Other Updates to the Guidelines
The following sections have been updated to include new recommendations from CDC on administering an additional dose of the mRNA vaccines to certain people:
- Special Considerations in Adults and Children With Cancer
- Special Considerations in People With HIV
- Special Considerations in Solid Organ Transplant, Hematopoietic Stem Cell Transplant, and Cellular Immunotherapy Candidates, Donors, and Recipients
October 7, 2021
Updated COVID-19 Treatment Guidelines Panel’s Statement on the Prioritization of Anti-SARS-CoV-2 Monoclonal Antibodies for the Treatment or Prevention of SARS-CoV-2 Infection When There Are Logistical or Supply Constraints
The Panel has recommended using anti-SARS-CoV-2 mAbs for the treatment of mild to moderate COVID-19 and for PEP of SARS-CoV-2 infection in individuals who are at high risk for progression to severe COVID-19, as outlined in the Food and Drug Administration Emergency Use Authorizations issued for the anti-SARS-CoV-2 mAbs.

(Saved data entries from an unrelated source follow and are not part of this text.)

lemma inner_orthonormal_expand:
  fixes u v w z :: "real^2"
  assumes "norm u = 1" "norm v = 1" "inner u v = 0"
  shows "inner w z = inner w u * inner z u + inner w v * inner z v"
proof -
  have uu: "inner u u = 1" and vv: "inner v v = 1"
    using assms(1,2) by (simp_all add: norm_eq_1)
  define e where "e = w - inner w u *\<^sub>R u - inner w v *\<^sub>R v"
  have "cross2 u v \<noteq> 0"
    using cross2_square[of u v] uu vv assms(3) by auto
  moreover have "inner e u = 0" "inner e v = 0"
    using uu vv assms(3) by (simp_all add: e_def inner_diff_left inner_commute[of v u])
  ultimately have "e = 0"
    by (rule orthogonal_cross2_nonzero_eq_0)
  then have "w = inner w u *\<^sub>R u + inner w v *\<^sub>R v"
    by (simp add: e_def algebra_simps)
  then have "inner w z = inner (inner w u *\<^sub>R u + inner w v *\<^sub>R v) z"
    by simp
  then show ?thesis
    by (simp only: inner_add_left inner_scaleR_left inner_commute[of u z] inner_commute[of v z])
qed

lemma perp_prod_shift: "perp_prod d (x + t *\<^sub>R d) (y + t *\<^sub>R d) = perp_prod d x y"
  by (simp add: perp_prod_def inner_add_right inner_add_left inner_commute algebra_simps)

lemma perp_prod_orthonormal:
  fixes u v d x y :: "real^2"
  assumes "norm u = 1" "norm v = 1" "inner u v = 0"
  shows "perp_prod d x y =
    ((inner d u)^2 + (inner d v)^2) * (inner x u * inner y u + inner x v * inner y v)
    - (inner d u * inner x u + inner d v * inner x v) * (inner d u * inner y u + inner d v * inner y v)"
  unfolding perp_prod_def
  by (subst (1 2 3 4) inner_orthonormal_expand[OF assms]) (simp add: power2_eq_square)

text \<open>Canonical coordinates: tangency point \<open>(x, y)\<close>, direction \<open>(d1, d2)\<close>, foci \<open>(\<plusminus>f, 0)\<close>;
  \<open>s = 1\<close> for the ellipse and \<open>s = -1\<close> for the hyperbola.\<close>

lemma tangent_focal_product_canonical:
  fixes x y d1 d2 f a b s :: real
  assumes "a \<noteq> 0" "b \<noteq> 0" "s^2 = 1"
    and "x^2/a^2 + s*y^2/b^2 = 1" "2*x/a^2*d1 + s*2*y/b^2*d2 = 0" "f^2 = a^2 - s*b^2"
  shows "(d1^2 + d2^2) * ((f - x) * (- f - x) + (- y) * (- y))
      - (d1 * (f - x) + d2 * (- y)) * (d1 * (- f - x) + d2 * (- y)) = s * b^2 * (d1^2 + d2^2)"
proof -
  have conic: "x^2 * b^2 + s * y^2 * a^2 = a^2 * b^2"
    using assms(1,2,4) by (simp add: field_simps)
  have "x * d1 * b^2 + s * y * d2 * a^2 = (2*x/a^2*d1 + s*2*y/b^2*d2) * (a^2 * b^2) / 2"
    using assms(1,2) by (simp add: field_simps)
  with assms(5) have tangent: "x * d1 * b^2 + s * y * d2 * a^2 = 0"
    by simp
  from conic tangent show ?thesis
    using assms(1-3,6) by algebra
qed

definition focal_tangent_product :: "bool \<Rightarrow> real \<Rightarrow> real \<Rightarrow> real" where
  "focal_tangent_product ell a b = (if ell then (min a b)^2 else - (b^2))"

lemma perp_prod_tangent_foci_on_u_axis:
  assumes conic: "central_conic ell c u v a b" and tangent: "tangent_line ell c u v a b P Q"
    and f: "f^2 = a^2 - (if ell then 1 else -1) * b^2"
  shows "perp_prod (Q - P) (c + f *\<^sub>R u - P) (c - f *\<^sub>R u - P)
    = (if ell then 1 else -1) * b^2 * inner (Q - P) (Q - P)"
proof -
  define s :: real where "s = (if ell then 1 else -1)"
  define d where "d = Q - P"
  from conic have u: "norm u = 1" and v: "norm v = 1" and uv: "inner u v = 0" and "a > 0" "b > 0"
    unfolding central_conic_def by auto
  have uu: "inner u u = 1"
    using u by (simp add: norm_eq_1)
  from tangent obtain X t where X: "X = P + t *\<^sub>R d" and on: "conic_form ell c u v a b X = 1"
    and tan: "inner (conic_grad ell c u v a b X) d = 0"
    unfolding tangent_line_def conic_points_def d_def by auto
  define x y where "x = inner (X - c) u" and "y = inner (X - c) v"
  have coords: "inner (c + f *\<^sub>R u - X) u = f - x" "inner (c + f *\<^sub>R u - X) v = - y"
      "inner (c - f *\<^sub>R u - X) u = - f - x" "inner (c - f *\<^sub>R u - X) v = - y"
    using uu uv by (simp_all add: x_def y_def inner_diff_left inner_add_left algebra_simps)
  have "a \<noteq> 0" "b \<noteq> 0" "s^2 = 1"
    using \<open>a > 0\<close> \<open>b > 0\<close> by (simp_all add: s_def)
  moreover have "x^2/a^2 + s*y^2/b^2 = 1"
    using on by (simp add: conic_form_def x_def y_def s_def)
  moreover have "2*x/a^2 * inner d u + s*2*y/b^2 * inner d v = 0"
    using tan by (simp add: conic_grad_def inner_add_left inner_commute[of u d] inner_commute[of v d]
        x_def[symmetric] y_def[symmetric] s_def[symmetric])
  moreover have "f^2 = a^2 - s*b^2"
    using f by (simp add: s_def)
  ultimately have canonical: "((inner d u)^2 + (inner d v)^2) * ((f - x) * (- f - x) + (- y) * (- y))
      - (inner d u * (f - x) + inner d v * (- y)) * (inner d u * (- f - x) + inner d v * (- y))
      = s * b^2 * ((inner d u)^2 + (inner d v)^2)"
    by (rule tangent_focal_product_canonical)
  have "perp_prod d (c + f *\<^sub>R u - P) (c - f *\<^sub>R u - P) = perp_prod d (c + f *\<^sub>R u - X) (c - f *\<^sub>R u - X)"
    using perp_prod_shift[of d "c + f *\<^sub>R u - X" t "c - f *\<^sub>R u - X"] by (simp add: X algebra_simps)
  also have "\<dots> = s * b^2 * ((inner d u)^2 + (inner d v)^2)"
    unfolding perp_prod_orthonormal[OF u v uv] coords by (rule canonical)
  also have "(inner d u)^2 + (inner d v)^2 = inner d d"
    using inner_orthonormal_expand[OF u v uv, of d d] by (simp add: power2_eq_square)
  finally show ?thesis
    by (simp add: s_def d_def)
qed

lemma tangent_line_ellipse_swap:
  "tangent_line True c u v a b P Q = tangent_line True c v u b a P Q"
  by (simp add: tangent_line_def conic_points_def conic_form_def conic_grad_def add.commute)

lemma conic_foci_cases:
  assumes conic: "central_conic ell c u v a b" and focus: "F \<in> conic_foci ell c u v a b"
  obtains (on_u) f where "F = c + f *\<^sub>R u" "f^2 = a^2 - (if ell then 1 else -1) * b^2" "ell \<longrightarrow> b \<le> a"
    | (on_v) f where "ell" "a < b" "F = c + f *\<^sub>R v" "f^2 = b^2 - a^2"
proof (cases ell)
  case True
  have "a > 0" "b > 0"
    using conic by (simp_all add: central_conic_def)
  show ?thesis
  proof (cases "b \<le> a")
    case True
    then have "a^2 - b^2 \<ge> 0"
      using \<open>b > 0\<close> by (simp add: power_mono)
    with focus \<open>ell\<close> True show ?thesis
      using on_u[of "sqrt (a^2 - b^2)"] on_u[of "- sqrt (a^2 - b^2)"] by (auto simp: conic_foci_def)
  next
    case False
    then have "b^2 - a^2 \<ge> 0"
      using \<open>a > 0\<close> by (simp add: power_mono)
    with focus \<open>ell\<close> False show ?thesis
      using on_v[of "sqrt (b^2 - a^2)"] on_v[of "- sqrt (b^2 - a^2)"] by (auto simp: conic_foci_def)
  qed
next
  case False
  with focus show ?thesis
    using on_u[of "sqrt (a^2 + b^2)"] on_u[of "- sqrt (a^2 + b^2)"] by (auto simp: conic_foci_def)
qed

lemma perp_prod_tangent_foci:
  assumes conic: "central_conic ell c u v a b" and tangent: "tangent_line ell c u v a b P Q"
    and focus: "F \<in> conic_foci ell c u v a b"
  shows "perp_prod (Q - P) (F - P) (2 *\<^sub>R c - F - P) = focal_tangent_product ell a b * inner (Q - P) (Q - P)"
proof -
  have other_focus: "2 *\<^sub>R c - (c + f *\<^sub>R w) = c - f *\<^sub>R w" for f w
    by (simp add: scaleR_2 algebra_simps)
  from conic focus show ?thesis
  proof (cases rule: conic_foci_cases)
    case on_u
    then show ?thesis
      using perp_prod_tangent_foci_on_u_axis[OF conic tangent on_u(2)]
      by (auto simp: other_focus focal_tangent_product_def min_def)
  next
    case on_v
    have "central_conic True c v u b a" "tangent_line True c v u b a P Q"
      using conic tangent on_v(1) tangent_line_ellipse_swap
      by (auto simp: central_conic_def inner_commute)
    from perp_prod_tangent_foci_on_u_axis[OF this] on_v show ?thesis
      by (simp add: other_focus focal_tangent_product_def)
  qed
qed

lemma perp_prod_chord:
  fixes Z A B G :: "real^2"
  assumes "dist Z A = dist Z B"
  shows "perp_prod (B - A) (Z - A) (G - A)
    = inner (B - A) (B - A) * inner (midpoint A B - Z) (midpoint A B - G)"
proof -
  have "inner (Z - A) (Z - A) = inner (Z - B) (Z - B)"
    using assms by (simp add: dist_norm flip: power2_norm_eq_inner)
  then show ?thesis
    unfolding perp_prod_def midpoint_def inner_real2 vector_minus_component vector_add_component
      vector_scaleR_component real_scaleR_def inverse_eq_divide
    by algebra
qed

text \<open>\<open>(M - Z) \<bullet> (M - G)\<close> is the power of \<open>M\<close> with respect to the circle on diameter \<open>ZG\<close>;
  equal powers at two side midpoints put \<open>G\<close> on an altitude.\<close>

lemma midpoint_products_eq_imp_orthocenter:
  fixes Z A B C G :: "real^2"
  assumes "\<not> collinear {A, B, C}" "is_circumcenter Z A B C"
    and "inner (midpoint A B - Z) (midpoint A B - G) = inner (midpoint B C - Z) (midpoint B C - G)"
    and "inner (midpoint B C - Z) (midpoint B C - G) = inner (midpoint C A - Z) (midpoint C A - G)"
  shows "G = A + B + C - 2 *\<^sub>R Z"
proof -
  define w where "w = G - (A + B + C - 2 *\<^sub>R Z)"
  have radii: "inner (Z - A) (Z - A) = inner (Z - B) (Z - B)" "inner (Z - B) (Z - B) = inner (Z - C) (Z - C)"
    using assms(2) by (simp_all add: is_circumcenter_def dist_norm flip: power2_norm_eq_inner)
  note coordinates = w_def midpoint_def inner_real2 vector_minus_component vector_add_component
    vector_scaleR_component real_scaleR_def inverse_eq_divide
  have "inner w (B - A) = 0"
    using radii assms(4) unfolding coordinates by algebra
  moreover have "inner w (C - A) = 0"
    using radii assms(3) unfolding coordinates by algebra
  ultimately have "w = 0"
    by (rule orthogonal_noncollinear_eq_0[OF assms(1)])
  then show ?thesis
    by (simp add: w_def)
qed
lemma (in prob_space) AE_emp_cdf_minus_cdf_tendsto_0:
  assumes "\<And>n i. i \<in> {1..n} \<Longrightarrow> Z n i \<in> borel_measurable M"
    and "\<And>n. indep_vars (\<lambda>_. borel) (Z n) {1..n}"
    and "\<And>n i. i \<in> {1..n} \<Longrightarrow> cdf (distr M borel (Z n i)) t = p n"
  shows "AE w in M. (\<lambda>n. emp_cdf n (Z n) t w - p n) \<longlonglongrightarrow> 0"
proof (rule AE_tendsto_0_if_summable_tail_probs)
  show "(\<lambda>w. emp_cdf n (Z n) t w - p n) \<in> borel_measurable M" for n
    using assms(1) by simp
next
  fix \<epsilon> :: real assume "\<epsilon> > 0"
  define q where "q = exp (-2 * \<epsilon>\<^sup>2)"
  have "q < 1"
    using \<open>\<epsilon> > 0\<close> by (simp add: q_def)
  have tail_bound: "prob {w\<in>space M. \<epsilon> \<le> \<bar>emp_cdf n (Z n) t w - p n\<bar>} \<le> 2 * q ^ n" for n
  proof (cases "n = 0")
    case True
    have "prob {w\<in>space M. \<epsilon> \<le> \<bar>emp_cdf n (Z n) t w - p n\<bar>} \<le> 1"
      by (rule prob_le_1)
    also have "1 \<le> 2 * q ^ n"
      using True by simp
    finally show ?thesis .
  next
    case False
    then have "prob {w\<in>space M. \<epsilon> \<le> \<bar>emp_cdf n (Z n) t w - p n\<bar>} \<le> 2 * exp (-2 * real n * \<epsilon>\<^sup>2)"
      using \<open>\<epsilon> > 0\<close> by (intro emp_cdf_deviation_prob_le assms) auto
    also have "exp (-2 * real n * \<epsilon>\<^sup>2) = q ^ n"
      unfolding q_def by (subst exp_of_nat_mult[symmetric]) (simp add: algebra_simps)
    finally show ?thesis .
  qed
  have "summable (\<lambda>n. 2 * q ^ n)"
    using \<open>q < 1\<close> by (intro summable_mult summable_geometric) (simp add: q_def)
  then show "summable (\<lambda>n. prob {w\<in>space M. \<epsilon> \<le> \<bar>emp_cdf n (Z n) t w - p n\<bar>})"
    by (rule summable_comparison_test') (simp add: tail_bound)
qed
(* Let $G\in\mathrm{C}^2(\mathbb{R})$ be coercive and $p_1<p_2$ with $G'(p_1)<0<G'(p_2)$, and let $L=\frac{G'(p_2)}{G'(p_2)-G'(p_1)}\in(0,1)$. For any $\ell\in(0,\min\{L,1-L\})$ there is $f\in\mathcal{C}(L,\ell)$ such that $\int_0^1 G'(f(x))\,dx=0$.
   Context: $G$ coercive means $G(p)\to\infty$ as $p\to\pm\infty$. $\mathrm{C}^{1,1}(\mathbb{R})$ is the set of $f\in\mathrm{C}^1(\mathbb{R})$ with $f'$ Lipschitz. $\mathcal{C}(L,\ell)$ is the set of $1$-periodic $f\in\mathrm{C}^{1,1}(\mathbb{R})$ with $p_1\le f(x)\le p_2$ for all $x$, $f(x)=p_1$ for $x\in[0,L-\ell]$, and $f(x)=p_2$ for $x\in[L,1-\ell]$. *)

theory Defs
  imports "HOL-Analysis.Analysis"
begin

definition C2_real :: "(real \<Rightarrow> real) \<Rightarrow> bool" where
  "C2_real G \<longleftrightarrow> (\<forall>x. G differentiable at x) \<and> (\<forall>x. deriv G differentiable at x)
      \<and> continuous_on UNIV (deriv (deriv G))"

definition coercive :: "(real \<Rightarrow> real) \<Rightarrow> bool" where
  "coercive G \<longleftrightarrow> filterlim G at_top at_top \<and> filterlim G at_top at_bot"

definition C11_real :: "(real \<Rightarrow> real) \<Rightarrow> bool" where
  "C11_real f \<longleftrightarrow> (\<forall>x. f differentiable at x) \<and> (\<exists>K. lipschitz_on K UNIV (deriv f))"

definition classC :: "real \<Rightarrow> real \<Rightarrow> real \<Rightarrow> real \<Rightarrow> (real \<Rightarrow> real) set" where
  "classC p1 p2 L l = {f. (\<forall>x. f (x + 1) = f x) \<and> C11_real f
      \<and> (\<forall>x. p1 \<le> f x \<and> f x \<le> p2)
      \<and> (\<forall>x\<in>{0..L - l}. f x = p1) \<and> (\<forall>x\<in>{L..1 - l}. f x = p2)}"

end

(*
  f is the 1-periodic extension of a plateau: it equals p1, rises to p2 on [alpha, alpha + w]
  through a rescaled C^{1,1} cubic smoothstep, stays at p2 until beta and falls back to p1 on
  [beta, beta + w]. With g = G', D = g p2 - g p1 and L D = g p2, the mean of g o f over a period is
    g p1 + (beta - alpha) D + w E,
  where E depends only on the transition profile and not on alpha, beta, w. Choosing
  beta - alpha = 1 - L - w E / D therefore makes the mean vanish, and for w small this shift fits
  into the slack that l leaves around the points L and 1.
*)
theory Submission
  imports Defs
begin

lemma has_real_derivative_at_split:
  fixes f :: "real \<Rightarrow> real"
  assumes "(f has_real_derivative D) (at x within {..x})"
    and "(f has_real_derivative D) (at x within {x..})"
  shows "(f has_real_derivative D) (at x)"
proof -
  have "((\<lambda>y. (f y - f x) / (y - x)) \<longlongrightarrow> D) (at x within {..x} \<union> {x..})"
    using assms unfolding has_field_derivative_iff Lim_within_Un by simp
  moreover have "{..x} \<union> {x..} = UNIV" by auto
  ultimately show ?thesis
    unfolding has_field_derivative_iff by simp
qed

lemma has_real_derivative_if_le:
  fixes f g :: "real \<Rightarrow> real"
  assumes f: "\<And>y. (f has_real_derivative f' y) (at y)"
    and g: "\<And>y. (g has_real_derivative g' y) (at y)"
    and "f c = g c" and "f' c = g' c"
  shows "((\<lambda>y. if y \<le> c then f y else g y) has_real_derivative
           (if x \<le> c then f' x else g' x)) (at x)"
proof (cases x c rule: linorder_cases)
  case less
  then show ?thesis
    using has_field_derivative_transform_within_open[OF f, where S="{..<c}"] by auto
next
  case greater
  then show ?thesis
    using has_field_derivative_transform_within_open[OF g, where S="{c<..}"] by auto
next
  case equal
  have f'_eq: "(if x \<le> c then f' x else g' x) = f' x" and g'_eq: "g' x = f' x"
    using equal assms(4) by auto
  show ?thesis
    unfolding f'_eq
  proof (rule has_real_derivative_at_split)
    show "((\<lambda>y. if y \<le> c then f y else g y) has_real_derivative f' x) (at x within {..x})"
      by (rule has_field_derivative_transform_within[OF has_field_derivative_at_within[OF f], where d=1])
        (use equal in auto)
    show "((\<lambda>y. if y \<le> c then f y else g y) has_real_derivative f' x) (at x within {x..})"
      unfolding g'_eq[symmetric]
      by (rule has_field_derivative_transform_within[OF has_field_derivative_at_within[OF g], where d=1])
        (use equal assms(3) in auto)
  qed
qed

lemma has_real_derivative_compose_clamp:
  fixes P P' :: "real \<Rightarrow> real"
  assumes "a \<le> b" and P: "\<And>v. (P has_real_derivative P' v) (at v)"
    and "P' a = 0" and "P' b = 0"
  shows "((\<lambda>u. P (max a (min b u))) has_real_derivative P' (max a (min b u))) (at u)"
proof -
  have clamp: "max a (min b v) = (if v \<le> a then a else if v \<le> b then v else b)" for v
    using \<open>a \<le> b\<close> by auto
  have upper: "((\<lambda>u. if u \<le> b then P u else P b) has_real_derivative
      (if v \<le> b then P' v else 0)) (at v)" for v
    using assms by (intro has_real_derivative_if_le[OF P]) auto
  have "((\<lambda>u. if u \<le> a then P a else if u \<le> b then P u else P b) has_real_derivative
      (if u \<le> a then 0 else if u \<le> b then P' u else 0)) (at u)"
    using assms by (intro has_real_derivative_if_le[OF _ upper]) auto
  moreover have "(\<lambda>u. P (max a (min b u))) = (\<lambda>u. if u \<le> a then P a else if u \<le> b then P u else P b)"
    by (intro ext) (simp add: clamp)
  moreover have "P' (max a (min b u)) = (if u \<le> a then 0 else if u \<le> b then P' u else 0)"
    using assms by (simp add: clamp)
  ultimately show ?thesis
    by simp
qed
lemma parabolic_superjet_of_expansion:
  assumes expand: "\<And>x t. u x t - u x0 t0 = q * (t - t0) + p \<bullet> (x - x0)
                  + (1/2) * ((x - x0) \<bullet> (X *v (x - x0))) + m * (t - t0)\<^sup>2"
    and "0 \<le> m"
  shows "parabolic_superjet u Q x0 t0 q p X"
  unfolding parabolic_superjet_def
proof (intro allI impI exI conjI)
  fix e :: real assume e: "e > 0"
  show "e / (m + 1) > 0" using e \<open>0 \<le> m\<close> by simp
  fix x t assume "(x,t) \<in> Q \<and> norm (x - x0) < e / (m + 1) \<and> \<bar>t - t0\<bar> < e / (m + 1)"
  then have "(m + 1) * \<bar>t - t0\<bar> \<le> e" using \<open>0 \<le> m\<close> by (simp add: field_simps)
  then have "m * \<bar>t - t0\<bar> + \<bar>t - t0\<bar> \<le> e" by (simp add: distrib_right)
  then have "m * \<bar>t - t0\<bar> \<le> e" by (simp add: add_increasing2)
  then have "m * \<bar>t - t0\<bar> * \<bar>t - t0\<bar> \<le> e * \<bar>t - t0\<bar>" by (rule mult_right_mono) simp
  then have "m * (t - t0)\<^sup>2 \<le> e * \<bar>t - t0\<bar>" by (simp add: power2_eq_square abs_mult_self_eq mult.assoc)
  moreover have "0 \<le> e * (norm (x - x0))\<^sup>2" using e by simp
  ultimately show "u x t \<le> u x0 t0 + q * (t - t0) + p \<bullet> (x - x0)
                  + (1/2) * ((x - x0) \<bullet> (X *v (x - x0))) + e * (\<bar>t - t0\<bar> + (norm (x - x0))\<^sup>2)"
    using expand[of x t] by (simp add: distrib_left)
qed

lemma visc_sub_le_strict_supersolution:
  fixes w \<phi> :: "real^'n \<Rightarrow> real \<Rightarrow> real"
  assumes sub: "visc_sub lam Lam b w Q" and "bounded Q"
    and cont_w: "continuous_on (closure Q) (\<lambda>z. w (fst z) (snd z))"
    and cont_\<phi>: "continuous_on (closure Q) (\<lambda>z. \<phi> (fst z) (snd z))"
    and boundary: "\<And>x t. (x,t) \<in> closure Q - Q \<Longrightarrow> w x t \<le> \<phi> x t"
    and strict: "\<And>x0 t0. (x0,t0) \<in> Q \<Longrightarrow> \<exists>q p X. transpose X = X \<and>
        parabolic_superjet \<phi> Q x0 t0 q p X \<and> 0 < q - pucci_max lam Lam X - b x0 t0 \<bullet> p"
    and "(x,t) \<in> Q"
  shows "w x t \<le> \<phi> x t"
proof (rule ccontr)
  assume "\<not> w x t \<le> \<phi> x t"
  let ?f = "\<lambda>z. w (fst z) (snd z) - \<phi> (fst z) (snd z)"
  have xt: "(x,t) \<in> closure Q" using \<open>(x,t) \<in> Q\<close> closure_subset by blast
  have "compact (closure Q)" using \<open>bounded Q\<close> by simp
  moreover have "closure Q \<noteq> {}" using xt by auto
  moreover have "continuous_on (closure Q) ?f" using cont_w cont_\<phi> by (rule continuous_on_diff)
  ultimately obtain z0 where z0: "z0 \<in> closure Q" and max: "\<And>z. z \<in> closure Q \<Longrightarrow> ?f z \<le> ?f z0"
    by (meson continuous_attains_sup)
  obtain x0 t0 where z0_eq: "z0 = (x0,t0)" by fastforce
  have "?f (x,t) \<le> ?f z0" using max xt .
  with \<open>\<not> w x t \<le> \<phi> x t\<close> z0_eq have "\<phi> x0 t0 < w x0 t0" by simp
  with boundary z0 z0_eq have "(x0,t0) \<in> Q" by fastforce
  then obtain q p X where "transpose X = X" and jet: "parabolic_superjet \<phi> Q x0 t0 q p X"
    and gap: "0 < q - pucci_max lam Lam X - b x0 t0 \<bullet> p"
    using strict by blast
  have "parabolic_superjet w Q x0 t0 q p X"
    using jet by (rule parabolic_superjet_touching_above) (use max closure_subset z0_eq in fastforce)
  with sub \<open>(x0,t0) \<in> Q\<close> \<open>transpose X = X\<close> have "q - pucci_max lam Lam X - b x0 t0 \<bullet> p \<le> 0"
    by (rule visc_subD)
  with gap show False by simp
qed
lemma vgrp_split_norm: "vgrp T k Pullback (norm_str Pullback split_norm)"
proof (rule vgrp_norm_str[OF group_Pullback])
  have "k \<le> T (a \<one> \<one>) (qpow T k N 0)" by (simp add: k_le_diag)
  also have "\<dots> \<le> split_norm (\<one>, \<one>, \<one>)" by (rule split_norm_upper[where W = \<one>]) simp_all
  finally show "k \<le> split_norm \<one>\<^bsub>Pullback\<^esub>" by simp
  show "T (split_norm p) (split_norm p') \<le> split_norm (p \<otimes>\<^bsub>Pullback\<^esub> p')"
    if "p \<in> carrier Pullback" "p' \<in> carrier Pullback" for p p'
    using that split_norm_mult by (cases p; cases p') auto
  show "split_norm p \<le> split_norm (t \<otimes>\<^bsub>Pullback\<^esub> p \<otimes>\<^bsub>Pullback\<^esub> inv\<^bsub>Pullback\<^esub> t)"
    if t_mem: "t \<in> carrier Pullback" and p_mem: "p \<in> carrier Pullback" for t p
  proof -
    obtain z x1 where p: "p = (z, x1, z)" using p_mem by (cases p) auto
    obtain t0 u where t: "t = (t0, u, t0)" using t_mem by (cases t) auto
    have "t0 \<otimes> z \<otimes> inv t0 = z"
      using t_mem p_mem Powers_commute[of t0 z] Powers_subset by (simp add: p t m_assoc)
    then have "t \<otimes>\<^bsub>Pullback\<^esub> p \<otimes>\<^bsub>Pullback\<^esub> inv\<^bsub>Pullback\<^esub> t = (z, u \<otimes> x1 \<otimes> inv u, z)"
      using t_mem by (simp add: p t)
    with t_mem show ?thesis
      using split_norm_conj[of u] by (simp add: p t)
  qed
qed

lemma pullback_str_eq [simp]:
  "pullback_str (z, x1, x2) (z', x1', x2') = inf (powers_str z z') (inf (a x1 x1') (a x2 x2'))"
  by (simp add: pullback_str_def prod_str_def)

lemma powers_norm_le_split_norm: "powers_norm w \<le> split_norm (w, w, w')"
  unfolding powers_norm_def
proof (rule Sup_least, clarify)
  fix n
  have "qpow T k N n \<le> T (a \<one> \<one>) (qpow T k N n)"
    using T_mono[OF k_le_diag order_refl] by simp
  also have "\<dots> \<le> split_norm (y [^] n, y [^] n, w')"
    using y nat_pow_in_conj_prods[OF y] by (intro split_norm_upper[where W = "y [^] n"]) simp_all
  finally show "qpow T k N n \<le> split_norm (y [^] n, y [^] n, w')" .
qed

In a previous statement, the Panel suggested prioritization strategies to adopt when logistical constraints can make it difficult to administer anti-SARS-CoV-2 mAb therapy to all eligible patients.
The Panel has updated its previous statement on the prioritization of anti-SARS-CoV-2 mAbs to emphasize the following:
- To indicate that supply constraints, as well as logistical constraints, can make it impossible to administer anti-SARS-CoV-2 monoclonal mAbs to all eligible patients; and
- To recommend that, in addition to the prioritization strategies suggested in the previous statement, clinicians consider prioritizing the use of anti-SARS-CoV-2 mAb therapy for patients at highest risk of clinical progression. The updated statement includes a discussion of the risk factors for progression to severe COVID-19.
The Panel suggests prioritizing the use of anti-SARS-CoV-2 mAbs only when triage becomes necessary due to logistical or supply constraints.